● WHAT TO PRODUCE: Of the entries that follow, how many lines hold the string "intro"? Write the number and nothing more.

[PROVIDED DATA]

(* If $\mathbb S[\boldsymbol\kappa]$ is an unstable-negative feedback, then $\mathbb S[\boldsymbol\kappa]$ is a Hurwitz-unstable $P^-_0$ matrix.
   Context: For a reaction network with reactant coefficients $s^j_m$ and stoichiometric matrix $\mathbb S$, a $k$-Child-Selection $\boldsymbol\kappa=(\kappa,E_\kappa,J)$ is a bijection $J:\kappa\to E_\kappa$ between $k$ species and $k$ reactions with $s^{J(m)}_m>0$; its CS-matrix is $\mathbb S[\boldsymbol\kappa]_{ml}=\mathbb S_{m,J(l)}$. Hurwitz-unstable: some eigenvalue has positive real part. An unstable core is a Hurwitz-unstable CS-matrix with no Hurwitz-unstable proper principal submatrix; a $k\times k$ unstable core is an unstable-negative feedback if $\operatorname{sign}\det=(-1)^{k}$. A $P^-_0$ matrix is one whose every nonzero $j\times j$ principal minor has sign $(-1)^j$. *)

theory Defs
  imports Complex_Main "HOL-Combinatorics.Permutations"
begin

text \<open>Matrices indexed by a finite set K of indices (species): A :: 'm => 'm => real,
  only entries with both indices in K matter.\<close>

definition det_on :: "'m set \<Rightarrow> ('m \<Rightarrow> 'm \<Rightarrow> real) \<Rightarrow> real" where
  "det_on K A = (\<Sum>p | p permutes K. of_int (sign p) * (\<Prod>i\<in>K. A i (p i)))"

definition eigenvalue_on :: "'m set \<Rightarrow> ('m \<Rightarrow> 'm \<Rightarrow> real) \<Rightarrow> complex \<Rightarrow> bool" where
  "eigenvalue_on K A \<mu> \<longleftrightarrow>
     (\<exists>v :: 'm \<Rightarrow> complex. (\<forall>i. i \<notin> K \<longrightarrow> v i = 0) \<and> (\<exists>i\<in>K. v i \<noteq> 0) \<and>
        (\<forall>i\<in>K. (\<Sum>j\<in>K. complex_of_real (A i j) * v j) = \<mu> * v i))"

definition hurwitz_unstable :: "'m set \<Rightarrow> ('m \<Rightarrow> 'm \<Rightarrow> real) \<Rightarrow> bool" where
  "hurwitz_unstable K A \<longleftrightarrow> (\<exists>\<mu>. eigenvalue_on K A \<mu> \<and> Re \<mu> > 0)"

text \<open>Child-Selection: s j m is the reactant coefficient of species m in reaction j.\<close>
definition is_CS :: "('r \<Rightarrow> 'm \<Rightarrow> real) \<Rightarrow> 'm set \<Rightarrow> 'r set \<Rightarrow> ('m \<Rightarrow> 'r) \<Rightarrow> bool" where
  "is_CS s \<kappa> E J \<longleftrightarrow> finite \<kappa> \<and> bij_betw J \<kappa> E \<and> (\<forall>m\<in>\<kappa>. s (J m) m > 0)"

definition CS_matrix :: "('m \<Rightarrow> 'r \<Rightarrow> real) \<Rightarrow> ('m \<Rightarrow> 'r) \<Rightarrow> 'm \<Rightarrow> 'm \<Rightarrow> real" where
  "CS_matrix S J = (\<lambda>m l. S m (J l))"

text \<open>Principal submatrices of the K-indexed matrix A are the L-indexed restrictions, L \<subseteq> K.\<close>
definition unstable_core :: "'m set \<Rightarrow> ('m \<Rightarrow> 'm \<Rightarrow> real) \<Rightarrow> bool" where
  "unstable_core K A \<longleftrightarrow> hurwitz_unstable K A \<and> (\<forall>L. L \<subset> K \<longrightarrow> \<not> hurwitz_unstable L A)"

definition unstable_negative_feedback :: "'m set \<Rightarrow> ('m \<Rightarrow> 'm \<Rightarrow> real) \<Rightarrow> bool" where
  "unstable_negative_feedback K A \<longleftrightarrow>
     unstable_core K A \<and> sgn (det_on K A) = (-1) ^ card K"

definition P0_minus :: "'m set \<Rightarrow> ('m \<Rightarrow> 'm \<Rightarrow> real) \<Rightarrow> bool" where
  "P0_minus K A \<longleftrightarrow>
     (\<forall>L. L \<subseteq> K \<and> L \<noteq> {} \<and> det_on L A \<noteq> 0 \<longrightarrow> sgn (det_on L A) = (-1) ^ card L)"

end

theory Submission
  imports Defs "Jordan_Normal_Form.Determinant"
begin

(* A proper principal submatrix A_L of an unstable core has no eigenvalue with positive real
   part. Along the segment t |-> (1 - t) I - t A_L, t in [0,1], the determinant moves from 1 to
   (-1)^|L| det A_L; were the latter negative, it would vanish at some t in (0,1), making
   (1 - t) / t a positive real eigenvalue of A_L. So every nonzero proper principal minor has
   sign (-1)^|L|, and the full one has it by the negative-feedback hypothesis. *)

lemma det_mat_eq_det_on:
  fixes B :: "'m \<Rightarrow> 'm \<Rightarrow> real"
  assumes f: "bij_betw f {0..<n} L"
  shows "det (mat n n (\<lambda>(i, j). B (f i) (f j))) = det_on L B"
proof -
  define g where "g = inv_into {0..<n} f"
  have g: "bij_betw g L {0..<n}" "\<And>k. k < n \<Longrightarrow> g (f k) = k" "\<And>x. x \<in> L \<Longrightarrow> f (g x) = x"
    using f by (auto simp: g_def bij_betw_inv_into bij_betw_inv_into_left bij_betw_inv_into_right)
  have inj: "inj_on f {0..<n}" using f by (rule bij_betw_imp_inj_on)
  have "det (mat n n (\<lambda>(i, j). B (f i) (f j))) =
        (\<Sum>p | p permutes {0..<n}. of_int (sign p) * (\<Prod>k = 0..<n. B (f k) (f (p k))))"
    unfolding det_def by (auto intro!: sum.cong prod.cong simp: permutes_in_image)
  also have "\<dots> = (\<Sum>p | p permutes {0..<n}. of_int (sign (map_permutation {0..<n} f p)) *
                     (\<Prod>i\<in>L. B i (map_permutation {0..<n} f p i)))"
  proof (rule sum.cong[OF refl])
    fix p assume "p \<in> {p. p permutes {0..<n}}"
    then have p: "p permutes {0..<n}" by simp
    have "(\<Prod>i\<in>L. B i (map_permutation {0..<n} f p i)) =
          (\<Prod>k = 0..<n. B (f k) (map_permutation {0..<n} f p (f k)))"
      by (rule prod.reindex_bij_betw[OF f, symmetric])
    also have "\<dots> = (\<Prod>k = 0..<n. B (f k) (f (p k)))"
      using inj by (intro prod.cong) (auto simp: map_permutation_apply)
    finally show "of_int (sign p) * (\<Prod>k = 0..<n. B (f k) (f (p k))) =
        of_int (sign (map_permutation {0..<n} f p)) * (\<Prod>i\<in>L. B i (map_permutation {0..<n} f p i))"
      using sign_map_permutation[OF inj p] by simp
  qed
  also have "\<dots> = det_on L B"
    unfolding det_on_def
    by (rule sum.reindex_bij_witness[where i = "map_permutation L g" and j = "map_permutation {0..<n} f"])
       (use f g in \<open>auto intro: map_permutation_compose_inv map_permutation_permutes\<close>)
  finally show ?thesis .
qed

lemma det_on_eq_0_imp_null_vector:
  fixes B :: "'m \<Rightarrow> 'm \<Rightarrow> real"
  assumes "finite L" and "det_on L B = 0"
  obtains v where "\<forall>i. i \<notin> L \<longrightarrow> v i = 0" "\<exists>i\<in>L. v i \<noteq> 0" "\<forall>i\<in>L. (\<Sum>j\<in>L. B i j * v j) = 0"
proof -
  define n where "n = card L"
  obtain f where f: "bij_betw f {0..<n} L"
    using ex_bij_betw_nat_finite[OF \<open>finite L\<close>] n_def by blast
  define g where "g = inv_into {0..<n} f"
  have g: "bij_betw g L {0..<n}" "\<And>k. k < n \<Longrightarrow> g (f k) = k" "\<And>x. x \<in> L \<Longrightarrow> f (g x) = x"
    using f by (auto simp: g_def bij_betw_inv_into bij_betw_inv_into_left bij_betw_inv_into_right)
  have gL: "x \<in> L \<Longrightarrow> g x < n" for x
    using g(1) by (auto simp: bij_betw_def)
  define M where "M = mat n n (\<lambda>(i, j). B (f i) (f j))"
  have M: "M \<in> carrier_mat n n" by (simp add: M_def)
  have "det M = 0"
    using det_mat_eq_det_on[OF f] assms(2) by (simp add: M_def)
  then obtain w where w: "w \<in> carrier_vec n" "w \<noteq> 0\<^sub>v n" "M *\<^sub>v w = 0\<^sub>v n"
    using det_0_iff_vec_prod_zero_field[OF M] by blast
  obtain k where k: "k < n" "w $ k \<noteq> 0"
    using w(1,2) by (metis eq_vecI carrier_vecD index_zero_vec(1,2))
  define v where "v x = (if x \<in> L then w $ g x else 0)" for x
  show ?thesis
  proof
    show "\<forall>i. i \<notin> L \<longrightarrow> v i = 0" by (simp add: v_def)
    show "\<exists>i\<in>L. v i \<noteq> 0"
      using k f g(2) by (intro bexI[of _ "f k"]) (auto simp: v_def bij_betw_def)
    show "\<forall>i\<in>L. (\<Sum>j\<in>L. B i j * v j) = 0"
    proof
      fix i assume i: "i \<in> L"
      have "(\<Sum>j\<in>L. B i j * v j) = (\<Sum>k = 0..<n. B i (f k) * v (f k))"
        by (rule sum.reindex_bij_betw[OF f, symmetric])
      also have "\<dots> = (M *\<^sub>v w) $ g i"
        using f g i gL[OF i] w(1)
        by (auto simp: M_def v_def scalar_prod_def bij_betw_def intro!: sum.cong)
      also have "\<dots> = 0" using w(3) gL[OF i] by simp
      finally show "(\<Sum>j\<in>L. B i j * v j) = 0" .
    qed
  qed
qed

lemma det_on_identity:
  assumes "finite L"
  shows "det_on L (\<lambda>i j. if i = j then 1 else 0) = 1"
proof -
  obtain f where f: "bij_betw f {0..<card L} L"
    using ex_bij_betw_nat_finite[OF assms] by blast
  then have "mat (card L) (card L) (\<lambda>(i, j). if f i = f j then 1 else 0) = (1\<^sub>m (card L) :: real mat)"
    by (intro eq_matI) (auto simp: bij_betw_def inj_on_eq_iff)
  then show ?thesis
    using det_mat_eq_det_on[OF f, of "\<lambda>i j. if i = j then 1 else 0"] by simp
qed

lemma det_on_scale:
  "det_on L (\<lambda>i j. c * B i j) = c ^ card L * det_on L B"
  unfolding det_on_def by (simp add: prod.distrib sum_distrib_left mult_ac)

lemma eigenvalue_on_if_det_on_eq_0:
  assumes "finite L" and "det_on L (\<lambda>i j. (if i = j then c else 0) - A i j) = 0"
  shows "eigenvalue_on L A (complex_of_real c)"
proof -
  obtain v where v: "\<forall>i. i \<notin> L \<longrightarrow> v i = 0" "\<exists>i\<in>L. v i \<noteq> 0"
    "\<forall>i\<in>L. (\<Sum>j\<in>L. ((if i = j then c else 0) - A i j) * v j) = 0"
    using det_on_eq_0_imp_null_vector[OF assms] by blast
  have "(\<Sum>j\<in>L. A i j * v j) = c * v i" if "i \<in> L" for i
  proof -
    have "(\<Sum>j\<in>L. (if i = j then c else 0) * v j) = (\<Sum>j\<in>L. if i = j then c * v j else 0)"
      by (rule sum.cong) auto
    also have "\<dots> = c * v i"
      using that \<open>finite L\<close> by simp
    finally have "(\<Sum>j\<in>L. ((if i = j then c else 0) - A i j) * v j) = c * v i - (\<Sum>j\<in>L. A i j * v j)"
      by (simp add: left_diff_distrib sum_subtractf)
    then show ?thesis using v(3) that by simp
  qed
  then have "(\<Sum>j\<in>L. complex_of_real (A i j) * complex_of_real (v j)) = complex_of_real c * complex_of_real (v i)"
    if "i \<in> L" for i
    using that by (simp flip: of_real_mult of_real_sum)
  then show ?thesis
    unfolding eigenvalue_on_def using v(1,2) by (intro exI[of _ "\<lambda>i. complex_of_real (v i)"]) auto
qed

lemma positive_eigenvalue_if_det_on_wrong_sign:
  assumes "finite L" and "(-1) ^ card L * det_on L A < 0"
  obtains c where "c > 0" and "eigenvalue_on L A (complex_of_real c)"
proof -
  define M where "M t = (\<lambda>i j. (if i = j then 1 - t else 0) - t * A i j)" for t
  have "continuous_on {0..1} (\<lambda>t. if b then 1 - t else 0 :: real)" for b
    by (cases b) (auto intro: continuous_intros)
  then have "continuous_on {0..1} (\<lambda>t. det_on L (M t))"
    unfolding det_on_def M_def by (intro continuous_intros)
  moreover have at0: "det_on L (M 0) = 1"
    using det_on_identity[OF \<open>finite L\<close>] by (simp add: M_def cong: if_cong)
  moreover have at1: "det_on L (M 1) < 0"
    using det_on_scale[of L "-1" A] assms(2) by (simp add: M_def cong: if_cong)
  ultimately obtain t where "0 \<le> t" "t \<le> 1" and root: "det_on L (M t) = 0"
    using IVT2'[of "\<lambda>t. det_on L (M t)" 1 0 0] by auto
  then have t: "0 < t" "t < 1"
    using at0 at1 by (auto simp: le_less)
  have "M t = (\<lambda>i j. t * ((if i = j then (1 - t) / t else 0) - A i j))"
    using t by (auto simp: M_def fun_eq_iff field_simps)
  with root have "det_on L (\<lambda>i j. (if i = j then (1 - t) / t else 0) - A i j) = 0"
    using t by (simp add: det_on_scale)
  then have "eigenvalue_on L A (complex_of_real ((1 - t) / t))"
    by (rule eigenvalue_on_if_det_on_eq_0[OF \<open>finite L\<close>])
  moreover have "(1 - t) / t > 0"
    using t by simp
  ultimately show ?thesis
    using that by blast
qed

lemma det_on_sign_if_not_hurwitz_unstable:
  assumes "finite L" and "\<not> hurwitz_unstable L A"
  shows "0 \<le> (-1) ^ card L * det_on L A"
  using positive_eigenvalue_if_det_on_wrong_sign[OF assms(1)] assms(2)
  unfolding hurwitz_unstable_def by (metis Re_complex_of_real not_le)

lemma sgn_eq_minus_one_power:
  fixes x :: real
  assumes "x \<noteq> 0" and "0 \<le> (-1) ^ n * x"
  shows "sgn x = (-1) ^ n"
  using assms by (cases "even n") (auto simp: sgn_if)

lemma P0_minus_if_unstable_negative_feedback:
  assumes "finite K" and "unstable_negative_feedback K A"
  shows "P0_minus K A"
  unfolding P0_minus_def
proof (intro allI impI)
  fix L assume L: "L \<subseteq> K \<and> L \<noteq> {} \<and> det_on L A \<noteq> 0"
  show "sgn (det_on L A) = (-1) ^ card L"
  proof (cases "L = K")
    case True
    then show ?thesis
      using assms(2) by (simp add: unstable_negative_feedback_def)
  next
    case False
    with L assms(2) have "\<not> hurwitz_unstable L A"
      by (auto simp: unstable_negative_feedback_def unstable_core_def)
    with L \<open>finite K\<close> show ?thesis
      by (meson det_on_sign_if_not_hurwitz_unstable finite_subset sgn_eq_minus_one_power)
  qed
qed

theorem mainTheorem13:
  fixes s :: "'r \<Rightarrow> 'm \<Rightarrow> real" and S :: "'m \<Rightarrow> 'r \<Rightarrow> real"
    and \<kappa> :: "'m set" and E :: "'r set" and J :: "'m \<Rightarrow> 'r"
  assumes "is_CS s \<kappa> E J"
    and "unstable_negative_feedback \<kappa> (CS_matrix S J)"
  shows "hurwitz_unstable \<kappa> (CS_matrix S J) \<and> P0_minus \<kappa> (CS_matrix S J)"
proof
  show "hurwitz_unstable \<kappa> (CS_matrix S J)"
    using assms(2) by (simp add: unstable_negative_feedback_def unstable_core_def)
  have "finite \<kappa>"
    using assms(1) by (simp add: is_CS_def)
  then show "P0_minus \<kappa> (CS_matrix S J)"
    using assms(2) by (rule P0_minus_if_unstable_negative_feedback)
qed

end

[/PROVIDED DATA]

● ANSWER BOX: 10